What to do.
Among the entries below, take the line with "1) - real T" and the line with "1)) / real T \<le>", and output them and every line between them exactly, with nothing else.

Top of Working data

text \<open>The polynomial factor contributes only \<open>O(ln T / T)\<close> to the rate.\<close>

lemma Liminf_rate_ge:
  fixes P :: "nat \<Rightarrow> real" and I :: ereal
  assumes P_nonneg: "\<And>T. 0 \<le> P T"
    and P_le: "\<And>z T. ereal z < I \<Longrightarrow> T \<in> A \<Longrightarrow> P T \<le> (real T + 1) ^ e * exp (- (real T * z))"
  shows "I \<le> Liminf (inf sequentially (principal A)) (\<lambda>T. rate T (P T))"
  unfolding le_Liminf_iff
proof (intro allI impI)
  fix y assume "y < I"
  show "\<forall>\<^sub>F T in inf sequentially (principal A). y < rate T (P T)"
  proof (cases y)
    case (real r)
    obtain z' where "y < z'" "z' < I"
      using dense[OF \<open>y < I\<close>] by blast
    then obtain z where "y < ereal z" "ereal z < I"
      by (cases z') auto
    with real have "r < z" by simp
    have "((\<lambda>T. real e * ln (real T + 1) / real T) \<longlongrightarrow> 0) sequentially"
      by real_asymp
    then have "\<forall>\<^sub>F T in sequentially. real e * ln (real T + 1) / real T < z - r"
      using \<open>r < z\<close> by (intro order_tendstoD(2)) auto
    then have ev: "\<forall>\<^sub>F T in sequentially. real e * ln (real T + 1) / real T < z - r \<and> 0 < T"
      by (intro eventually_conj eventually_gt_at_top)
    have rate_gt: "y < rate T (P T)"
      if T: "T \<in> A" "0 < T" "real e * ln (real T + 1) / real T < z - r" for T
    proof (cases "P T = 0")
      case False
      then have P_pos: "0 < P T" using P_nonneg[of T] by simp
      have "ln (P T) \<le> ln ((real T + 1) ^ e * exp (- (real T * z)))"
        using P_le[OF \<open>ereal z < I\<close> T(1)] P_pos by simp
      also have "\<dots> = real e * ln (real T + 1) - real T * z"
        by (simp add: ln_mult ln_realpow)
      finally have "real T * z - real e * ln (real T + 1) \<le> - ln (P T)" by simp
      then have "(real T * z - real e * ln (real T + 1)) / real T \<le> - ln (P T) / real T"
        by (intro divide_right_mono) auto
      also have "(real T * z - real e * ln (real T + 1)) / real T = z - real e * ln (real T + 1) / real T"
        using T(2) by (simp add: field_simps)
      finally have "z - real e * ln (real T + 1) / real T \<le> - ln (P T) / real T" .
      with T(3) False show ?thesis by (simp add: rate_def real)
    qed (simp add: rate_def real)
    show ?thesis
      unfolding eventually_inf_principal using ev by (rule eventually_mono) (use rate_gt in blast)
  qed (use \<open>y < I\<close> in \<open>simp_all add: rate_def\<close>)
qed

Bottom of Working data

Result.
      also have "\<dots> = real e * ln (real T + 1) - real T * z"
        by (simp add: ln_mult ln_realpow)
      finally have "real T * z - real e * ln (real T + 1) \<le> - ln (P T)" by simp
      then have "(real T * z - real e * ln (real T + 1)) / real T \<le> - ln (P T) / real T"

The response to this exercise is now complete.